Unlike lithium-ion batteries, which degrade over time and harm the environment, these new designs use beta radiation to trigger an electron avalanche and generate electricity. The team’s latest prototype vastly improved efficiency, and though challenges remain, the technology could one day make nuclear power as accessible as your pocket device.

The Problem with Current Batteries

Cell phones that die unexpectedly and electric vehicles that can’t make it to their destination highlight a common problem: battery limitations. Most rechargeable lithium-ion (Li-ion) batteries, found in everything from phones to cars, last only hours or days between charges. Over time, their performance declines, requiring more frequent charging.

To address this issue, researchers are exploring a new approach: nuclear batteries powered by radiocarbon. These small, affordable batteries could provide safe, long-lasting energy for decades without needing to be recharged.

Presenting a New Solution

Su-Il In, a professor at the Daegu Gyeongbuk Institute of Science & Technology, will present his team’s findings at the American Chemical Society (ACS) Spring 2025 meeting, taking place March 23-27. The event includes around 12,000 presentations covering a wide range of scientific topics.

Environmental and Technological Limits

Frequent recharging isn’t just inconvenient, it also limits the usefulness of technologies like drones and remote sensors, which rely on stable, long-term power. Li-ion batteries come with environmental downsides too: lithium mining is energy-intensive, and improper disposal can harm ecosystems. As our world becomes more connected and data-driven, the need for more durable, sustainable battery solutions is growing.

And better Li-ion batteries are likely not the answer to this challenge. “The performance of Li-ion batteries is almost saturated,” says In, who researches future energy technologies. So, In and his team members are developing nuclear batteries as an alternative to lithium.

How Nuclear Batteries Work

Nuclear batteries generate power by harnessing high-energy particles emitted by radioactive materials. Not all radioactive elements emit radiation that’s damaging to living organisms, and some radiation can be blocked by certain materials. For example, beta particles (also known as beta rays) can be shielded with a thin sheet of aluminum, making betavoltaics a potentially safe choice for nuclear batteries.

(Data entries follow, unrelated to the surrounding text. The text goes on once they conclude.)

(* With s = sgn (p' + x phi) and
   k = x s - E[Z s Z] one has |p' + x phi| = s w - k p - c p + x s phi pointwise, so that
   int |p' + x phi| = int s w - int k p = int s w - int w G <= (1 + 3) int |w|. *)
lemma l1_distance_le_score:
  fixes p p' :: "real \<Rightarrow> real"
  assumes nonneg: "\<And>x. p x \<ge> 0" and ip: "integrable lborel p" and total: "(LINT x|lborel. p x) = 1"
    and ac: "ac_with_deriv p p'" and mean_int: "integrable lborel (\<lambda>x. x * p x)"
    and ip': "integrable lborel p'"
  shows "(LINT x|lborel. \<bar>p' x + x * \<phi> x\<bar>) \<le> 4 * (LINT x|lborel. \<bar>p' x + x * p x\<bar>)"
proof -
  define w where "w x = p' x + x * p x" for x
  define s where "s x = sgn (p' x + x * \<phi> x)" for x
  define c where "c = (LINT t|lborel. t * s t * \<phi> t)"
  define k where "k x = x * s x - c" for x
  have p'm: "p' \<in> borel_measurable borel" using ac_with_deriv_measurable[OF ac] by simp
  have sm: "s \<in> borel_measurable lborel" and s_bound: "\<bar>s x\<bar> \<le> 1" for x
    using p'm by (auto simp: s_def[abs_def] sgn_real_def)
  note test = centered_sign_test_function[OF sm s_bound, folded c_def, folded k_def]
  have km: "k \<in> borel_measurable lborel" using sm by (simp add: k_def[abs_def])
  obtain G where G: "ac_with_deriv G (\<lambda>x. x * G x - k x)" and G_bound: "\<And>x. \<bar>G x\<bar> \<le> 3"
    using stein_solution[OF km test(2) test(3)] by blast
  have iw: "integrable lborel w" using ip' mean_int by (simp add: w_def[abs_def])
  have ikp: "integrable lborel (\<lambda>x. k x * p x)"
  proof (rule Bochner_Integration.integrable_bound)
    show "integrable lborel (\<lambda>x. \<bar>x * p x\<bar> + p x)" using mean_int ip by simp
    show "AE x in lborel. norm (k x * p x) \<le> norm (\<bar>x * p x\<bar> + p x)"
      using mult_right_mono[OF test(2) nonneg] nonneg by (simp add: abs_mult distrib_right)
  qed (use km ip in simp)
  have isw: "integrable lborel (\<lambda>x. s x * w x)"
    using integrable_mult_bounded[OF iw sm s_bound] by (simp add: mult.commute)
  have iwG: "integrable lborel (\<lambda>x. w x * G x)"
    using ac_with_deriv_continuous[OF G] G_bound
    by (intro integrable_mult_bounded[OF iw]) (auto simp: borel_measurable_continuous_onI)
  have pointwise: "\<bar>p' x + x * \<phi> x\<bar> = s x * w x - k x * p x - c * p x + x * s x * \<phi> x" for x
  proof -
    have "\<bar>p' x + x * \<phi> x\<bar> = s x * (p' x + x * \<phi> x)" by (simp add: s_def sgn_real_def)
    then show ?thesis by (simp add: w_def k_def algebra_simps)
  qed
  have "(LINT x|lborel. \<bar>p' x + x * \<phi> x\<bar>)
      = (LINT x|lborel. s x * w x) - (LINT x|lborel. k x * p x) - c * (LINT x|lborel. p x) + c"
    unfolding pointwise using isw ikp ip test(1) by (simp add: c_def)
  also have "\<dots> = (LINT x|lborel. s x * w x - w x * G x)"
    using stein_integration_by_parts[OF ip ac G G_bound iw[unfolded w_def] ikp] isw iwG total
    by (simp add: w_def)
  also have "\<dots> \<le> (LINT x|lborel. 4 * \<bar>w x\<bar>)"
  proof (rule integral_mono)
    fix x
    have "\<bar>s x * w x\<bar> \<le> \<bar>w x\<bar>" "\<bar>w x * G x\<bar> \<le> 3 * \<bar>w x\<bar>"
      using abs_mult_bounded_factor[OF s_bound, of "w x" x] abs_mult_bounded_factor[OF G_bound, of "w x" x]
      by (simp_all add: mult.commute)
    then show "s x * w x - w x * G x \<le> 4 * \<bar>w x\<bar>" by linarith
  qed (use iw isw iwG in auto)
  finally show ?thesis by (simp add: w_def)
qed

The researchers produced a prototype betavoltaic battery with carbon-14, an unstable and radioactive form of carbon, called radiocarbon. “I decided to use a radioactive isotope of carbon because it generates only beta rays,” says In. Moreover, a by-product of nuclear power plants, radiocarbon is inexpensive, readily available, and easy to recycle. And because radiocarbon degrades very slowly, a radiocarbon-powered battery could theoretically last for millennia.

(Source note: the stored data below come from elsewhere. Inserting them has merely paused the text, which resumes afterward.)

(* For every $N\ge 1$, the only right Markov code for the one-sided full $N$-shift $(X_{[N]},\sigma_{[N]})$ over $\Sigma_{[N]}=\{1,\dots,N\}$ is the trivial right Markov code $\Sigma_{[N]}$ (the set of all words of length $1$).
   Context: For an $N\times N$ matrix $A$ with entries in $\{0,1\}$, $\Sigma_A=\{1,\dots,N\}$, $X_A$ is the set of sequences $(x_n)_{n\in\mathbb{N}}$ in $\Sigma_A$ with $A(x_n,x_{n+1})=1$ for all $n$, with shift $\sigma_A$; the full $N$-shift is the case where all entries of $A$ equal $1$. $B_k(X_A)$ is the set of admissible words of length $k$, $B_*(X_A)$ the union over $k\ge0$ (including the empty word). For a word $w=w_1\cdots w_\ell$, $\sigma_A(w)=w_2\cdots w_\ell$. A code is a nonempty $\mathcal{C}\subset B_*(X_A)$ such that any equality of concatenations $\omega(i_1)\cdots\omega(i_k)=\omega(j_1)\cdots\omega(j_n)$ of words of $\mathcal{C}$ forces $n=k$ and $\omega(i_m)=\omega(j_m)$ for all $m$; a prefix code is a code in which no word is a prefix of another. A finite prefix code $\mathcal{C}=\{\omega(1),\dots,\omega(M)\}\subset B_*(X_A)$, $\Sigma_{A(\mathcal{C})}=\{1,\dots,M\}$, is a right Markov code for $(X_A,\sigma_A)$ if: (i) for every $\gamma\in B_*(X_A)$ there is $\eta\in B_*(X_A)$ with $\gamma\eta\in B_*(X_A)$ and a unique finite sequence $(i_1,\dots,i_k)$ in $\Sigma_{A(\mathcal{C})}$ with $\gamma\eta=\omega(i_1)\cdots\omega(i_k)$; (ii) there is $L\in\mathbb{N}$ such that for all $i_1,\dots,i_L$ with $\omega(i_1)\cdots\omega(i_L)\in B_*(X_A)$ there exist $j_1,\dots,j_k\in\Sigma_{A(\mathcal{C})}$ with $\sigma_A(\omega(i_1))\omega(i_2)\cdots\omega(i_L)=\omega(j_1)\cdots\omega(j_k)$; (iii) for every $i,j$ there are $n_1,\dots,n_l$ with $\omega(i)\omega(n_1)\cdots\omega(n_l)\omega(j)\in B_*(X_A)$. *)

theory Defs
  imports Main
begin

text \<open>Alphabet \<Sigma>_A = {1..N}; a 0-1 matrix A is a function nat => nat => nat
  (only its values on {1..N} x {1..N} matter). Words are lists; one-sided
  sequences are functions nat => nat.\<close>

definition XA :: "nat \<Rightarrow> (nat \<Rightarrow> nat \<Rightarrow> nat) \<Rightarrow> (nat \<Rightarrow> nat) set" where
  "XA N A = {x. (\<forall>n. x n \<in> {1..N}) \<and> (\<forall>n. A (x n) (x (Suc n)) = 1)}"

definition Bstar :: "nat \<Rightarrow> (nat \<Rightarrow> nat \<Rightarrow> nat) \<Rightarrow> nat list set" where
  "Bstar N A = {w. \<exists>x\<in>XA N A. \<exists>n. w = map x [n..<n + length w]}"

definition full_matrix :: "nat \<Rightarrow> nat \<Rightarrow> nat" where
  "full_matrix i j = 1"

definition is_code :: "nat \<Rightarrow> (nat \<Rightarrow> nat \<Rightarrow> nat) \<Rightarrow> nat list set \<Rightarrow> bool" where
  "is_code N A C \<longleftrightarrow> C \<noteq> {} \<and> C \<subseteq> Bstar N A \<and>
     (\<forall>us vs. us \<in> lists C \<longrightarrow> vs \<in> lists C \<longrightarrow> concat us = concat vs \<longrightarrow> us = vs)"

definition is_prefix_code :: "nat \<Rightarrow> (nat \<Rightarrow> nat \<Rightarrow> nat) \<Rightarrow> nat list set \<Rightarrow> bool" where
  "is_prefix_code N A C \<longleftrightarrow> is_code N A C \<and>
     (\<forall>u\<in>C. \<forall>v\<in>C. u \<noteq> v \<longrightarrow> \<not> (\<exists>z. v = u @ z))"

definition right_markov_code :: "nat \<Rightarrow> (nat \<Rightarrow> nat \<Rightarrow> nat) \<Rightarrow> nat list set \<Rightarrow> bool" where
  "right_markov_code N A C \<longleftrightarrow>
     finite C \<and> is_prefix_code N A C \<and>
     \<comment> \<open>(i)\<close>
     (\<forall>\<gamma>\<in>Bstar N A. \<exists>\<eta>\<in>Bstar N A. \<gamma> @ \<eta> \<in> Bstar N A \<and>
         (\<exists>!ws. ws \<in> lists C \<and> \<gamma> @ \<eta> = concat ws)) \<and>
     \<comment> \<open>(ii)\<close>
     (\<exists>L::nat. L \<ge> 1 \<and> (\<forall>ws. ws \<in> lists C \<longrightarrow> length ws = L \<longrightarrow> concat ws \<in> Bstar N A \<longrightarrow>
         (\<exists>vs\<in>lists C. tl (hd ws) @ concat (tl ws) = concat vs))) \<and>
     \<comment> \<open>(iii)\<close>
     (\<forall>u\<in>C. \<forall>v\<in>C. \<exists>ns\<in>lists C. u @ concat ns @ v \<in> Bstar N A)"

end

theory Submission
  imports Defs
begin

text \<open>On the full shift every word is admissible. Let m be the maximal length of a
  code word; by condition (i) the word b^m is a prefix of a concatenation of code words,
  whose first word is therefore some b^j with j \<ge> 1. Condition (ii) applied to (b^j)^L
  writes b^(jL-1) as a concatenation of code words; each is a power of b and hence, by the
  prefix property, equal to b^j. So j divides jL - 1, i.e. j = 1: every letter is a code
  word, and the prefix property excludes all longer words. Conversely the alphabet
  satisfies (i)--(iii) with \<eta> = [], L = 1 and no connecting words.\<close>

lemma Bstar_full_matrix:
  assumes "N \<ge> 1"
  shows "Bstar N full_matrix = {w. set w \<subseteq> {1..N}}"
proof (intro set_eqI iffI)
  fix w assume "w \<in> Bstar N full_matrix"
  then obtain x n where x: "x \<in> XA N full_matrix" and w: "w = map x [n..<n + length w]"
    unfolding Bstar_def by blast
  from x have "\<forall>k. x k \<in> {1..N}" unfolding XA_def by blast
  then show "w \<in> {w. set w \<subseteq> {1..N}}" by (subst w) auto
next
  fix w assume w: "w \<in> {w. set w \<subseteq> {1..N}}"
  define x where "x = (\<lambda>k. if k < length w then w ! k else 1)"
  have "x \<in> XA N full_matrix" using w assms
    unfolding XA_def full_matrix_def x_def by (auto simp: subset_iff)
  moreover have "w = map x [0..<0 + length w]"
    by (rule nth_equalityI) (auto simp: x_def)
  ultimately show "w \<in> Bstar N full_matrix" unfolding Bstar_def by blast
qed

lemma code_Nil_notin:
  assumes "is_code N A C"
  shows "[] \<notin> C"
proof
  assume "[] \<in> C"
  then have "[[]] \<in> lists C" and "concat [[]] = concat ([] :: nat list list)" by auto
  then show False using assms unfolding is_code_def by blast
qed

lemma prefix_code_append_mem:
  assumes "is_prefix_code N A C" "u \<in> C" "u @ z \<in> C"
  shows "z = []"
  using assms unfolding is_prefix_code_def by force

lemma prefix_code_replicate_unique:
  assumes "is_prefix_code N A C" "replicate i b \<in> C" "replicate j b \<in> C"
  shows "i = j"
proof -
  have "i = j" if "i \<le> j" "replicate i b \<in> C" "replicate j b \<in> C" for i j
  proof -
    have "replicate j b = replicate i b @ replicate (j - i) b"
      using \<open>i \<le> j\<close> by (simp add: replicate_add[symmetric])
    then have "replicate (j - i) b = []"
      using prefix_code_append_mem[OF assms(1) that(2)] that(3) by metis
    then show ?thesis using \<open>i \<le> j\<close> by simp
  qed
  then show ?thesis using assms(2,3) by (metis nat_le_linear)
qed

lemma concat_replicate_blocks_dvd:
  assumes "\<forall>v\<in>set vs. v = replicate j b" and "concat vs = replicate n b"
  shows "j dvd n"
proof -
  have "concat vs = replicate (j * length vs) b"
    using assms(1) by (induction vs) (auto simp: replicate_add)
  then have "n = j * length vs" using assms(2) by (metis length_replicate)
  then show ?thesis by simp
qed

lemma singleton_lists_eq_map_concat:
  "us \<in> lists (range (\<lambda>a. [a])) \<Longrightarrow> us = map (\<lambda>a. [a]) (concat us)"
  by (induction us) auto

lemma right_markov_code_full_replicate_mem:
  assumes "N \<ge> 1" "right_markov_code N full_matrix C" "b \<in> {1..N}"
  obtains j where "j \<ge> 1" "replicate j b \<in> C"
proof -
  have "finite C" and code: "is_code N full_matrix C"
    using assms(2) unfolding right_markov_code_def is_prefix_code_def by auto
  then have "C \<noteq> {}" and Nil_notin: "[] \<notin> C"
    using code_Nil_notin unfolding is_code_def by auto
  define m where "m = Max (length ` C)"
  have length_le: "length u \<le> m" if "u \<in> C" for u
    using \<open>finite C\<close> that unfolding m_def by auto
  obtain u0 where "u0 \<in> C" using \<open>C \<noteq> {}\<close> by blast
  then have "m \<ge> 1"
    using Nil_notin length_le[of u0] by (cases u0) auto
  have "replicate m b \<in> Bstar N full_matrix"
    using Bstar_full_matrix[OF assms(1)] assms(3) by auto
  then obtain \<eta> ws where ws: "ws \<in> lists C" "replicate m b @ \<eta> = concat ws"
    using assms(2) unfolding right_markov_code_def by blast
  then obtain u ws' where u: "ws = u # ws'"
    using \<open>m \<ge> 1\<close> by (cases ws) auto
  have "u \<in> C" using ws u by auto
  have "u = take (length u) (replicate m b @ \<eta>)" using ws(2) u by simp
  then have "u = replicate (length u) b" using length_le[OF \<open>u \<in> C\<close>] by simp
  moreover have "length u \<ge> 1" using \<open>u \<in> C\<close> Nil_notin by (cases u) auto
  ultimately show thesis using that \<open>u \<in> C\<close> by metis
qed

lemma right_markov_code_full_singleton_mem:
  assumes "N \<ge> 1" "right_markov_code N full_matrix C" "b \<in> {1..N}"
  shows "[b] \<in> C"
proof -
  obtain j where "j \<ge> 1" and bj: "replicate j b \<in> C"
    using right_markov_code_full_replicate_mem[OF assms] .
  have prefix: "is_prefix_code N full_matrix C"
    using assms(2) unfolding right_markov_code_def by blast
  obtain L where "L \<ge> 1" and shift: "\<And>ws. ws \<in> lists C \<Longrightarrow> length ws = L \<Longrightarrow>
      concat ws \<in> Bstar N full_matrix \<Longrightarrow> \<exists>vs\<in>lists C. tl (hd ws) @ concat (tl ws) = concat vs"
    using assms(2) unfolding right_markov_code_def by blast
  define ws where "ws = replicate L (replicate j b)"
  have concat_ws: "concat ws = replicate (j * L) b"
    unfolding ws_def by (induction L) (auto simp: replicate_add)
  have "concat ws \<in> Bstar N full_matrix"
    unfolding concat_ws Bstar_full_matrix[OF assms(1)] using assms(3) by auto
  moreover have "ws \<in> lists C" and "length ws = L" using bj unfolding ws_def by auto
  ultimately obtain vs where vs: "vs \<in> lists C" "tl (hd ws) @ concat (tl ws) = concat vs"
    using shift by blast
  have "tl (hd ws) @ concat (tl ws) = tl (concat ws)"
    using \<open>L \<ge> 1\<close> \<open>j \<ge> 1\<close> unfolding ws_def by (cases L; cases j) auto
  then have concat_vs: "concat vs = replicate (j * L - 1) b"
    using vs(2) concat_ws by simp
  have "v = replicate j b" if "v \<in> set vs" for v
  proof -
    have "set v \<subseteq> set (concat vs)" using that by auto
    then have "\<forall>y\<in>set v. y = b" unfolding concat_vs by auto
    then have v: "v = replicate (length v) b" by (simp add: replicate_length_same)
    moreover have "v \<in> C" using that vs(1) by auto
    ultimately have "length v = j" using prefix_code_replicate_unique[OF prefix _ bj] by metis
    then show ?thesis using v by simp
  qed
  then have "j dvd j * L - 1"
    using concat_vs by (intro concat_replicate_blocks_dvd) auto
  moreover have "j * L - (j * L - 1) = 1"
    using \<open>j \<ge> 1\<close> \<open>L \<ge> 1\<close> by (simp add: Suc_leI)
  ultimately have "j dvd 1"
    using dvd_diff_nat[of j "j * L" "j * L - 1"] by simp
  then show ?thesis using bj by simp
qed

lemma right_markov_code_full_imp_alphabet:
  assumes "N \<ge> 1" "right_markov_code N full_matrix C"
  shows "C = {[a] | a. a \<in> {1..N}}"
proof (intro set_eqI iffI)
  fix w assume "w \<in> C"
  have code: "is_code N full_matrix C" and prefix: "is_prefix_code N full_matrix C"
    using assms(2) unfolding right_markov_code_def is_prefix_code_def by auto
  then obtain a t where w: "w = a # t" using \<open>w \<in> C\<close> code_Nil_notin by (cases w) auto
  have "a \<in> {1..N}"
    using \<open>w \<in> C\<close> code Bstar_full_matrix[OF assms(1)] unfolding is_code_def w by auto
  moreover have "t = []"
    using prefix_code_append_mem[OF prefix right_markov_code_full_singleton_mem[OF assms \<open>a \<in> _\<close>]]
      \<open>w \<in> C\<close> w by simp
  ultimately show "w \<in> {[a] | a. a \<in> {1..N}}" using w by blast
next
  fix w assume "w \<in> {[a] | a. a \<in> {1..N}}"
  then show "w \<in> C" using right_markov_code_full_singleton_mem[OF assms] by blast
qed

lemma right_markov_code_full_alphabet:
  assumes "N \<ge> 1"
  shows "right_markov_code N full_matrix {[a] | a. a \<in> {1..N}}"
    (is "right_markov_code N full_matrix ?C")
proof -
  note Bstar = Bstar_full_matrix[OF assms]
  have parse_unique: "us = vs" if "us \<in> lists ?C" "vs \<in> lists ?C" "concat us = concat vs" for us vs
  proof -
    have "lists ?C \<subseteq> lists (range (\<lambda>a. [a]))" by (rule lists_mono) blast
    then have "us \<in> lists (range (\<lambda>a. [a]))" and "vs \<in> lists (range (\<lambda>a. [a]))"
      using that(1,2) by blast+
    then show ?thesis
      using that(3) singleton_lists_eq_map_concat by metis
  qed
  have "finite ?C" by (simp add: setcompr_eq_image)
  moreover have "is_prefix_code N full_matrix ?C"
    using assms parse_unique unfolding is_prefix_code_def is_code_def Bstar by auto
  moreover have "\<exists>\<eta>\<in>Bstar N full_matrix. \<gamma> @ \<eta> \<in> Bstar N full_matrix \<and>
      (\<exists>!ws. ws \<in> lists ?C \<and> \<gamma> @ \<eta> = concat ws)" if "\<gamma> \<in> Bstar N full_matrix" for \<gamma>
  proof (intro bexI[of _ "[]"] conjI)
    let ?ws = "map (\<lambda>a. [a]) \<gamma>"
    have parse: "?ws \<in> lists ?C \<and> \<gamma> @ [] = concat ?ws"
      using that unfolding Bstar by (auto simp: subset_iff)
    show "\<exists>!ws. ws \<in> lists ?C \<and> \<gamma> @ [] = concat ws"
    proof (rule ex1I[of _ ?ws])
      fix ws assume "ws \<in> lists ?C \<and> \<gamma> @ [] = concat ws"
      with parse show "ws = ?ws" by (intro parse_unique) auto
    qed (fact parse)
  qed (use that Bstar in auto)
  moreover have "\<exists>L::nat. L \<ge> 1 \<and> (\<forall>ws. ws \<in> lists ?C \<longrightarrow> length ws = L \<longrightarrow>
      concat ws \<in> Bstar N full_matrix \<longrightarrow> (\<exists>vs\<in>lists ?C. tl (hd ws) @ concat (tl ws) = concat vs))"
  proof (intro exI[of _ 1] conjI allI impI)
    fix ws assume "ws \<in> lists ?C" "length ws = 1"
    then have "tl (hd ws) @ concat (tl ws) = concat []" by (cases ws) auto
    then show "\<exists>vs\<in>lists ?C. tl (hd ws) @ concat (tl ws) = concat vs" by blast
  qed simp
  moreover have "\<forall>u\<in>?C. \<forall>v\<in>?C. \<exists>ns\<in>lists ?C. u @ concat ns @ v \<in> Bstar N full_matrix"
    unfolding Bstar by (auto intro: bexI[of _ "[]"])
  ultimately show ?thesis
    unfolding right_markov_code_def by blast
qed

theorem mainTheorem3:
  fixes N :: nat and C :: "nat list set"
  assumes "N \<ge> 1"
  shows "right_markov_code N full_matrix C \<longleftrightarrow> C = {[a] | a. a \<in> {1..N}}"
  using right_markov_code_full_imp_alphabet[OF assms] right_markov_code_full_alphabet[OF assms]
  by blast

end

Building a Better Betavoltaic

In a typical betavoltaic battery, electrons strike a semiconductor, which results in the production of electricity. Semiconductors are a critical component in betavoltaic batteries, as they are primarily responsible for energy conversion. Consequently, scientists are exploring advanced semiconductor materials to achieve a higher energy conversion efficiency — a measure of how effectively a battery can convert electrons into usable electricity.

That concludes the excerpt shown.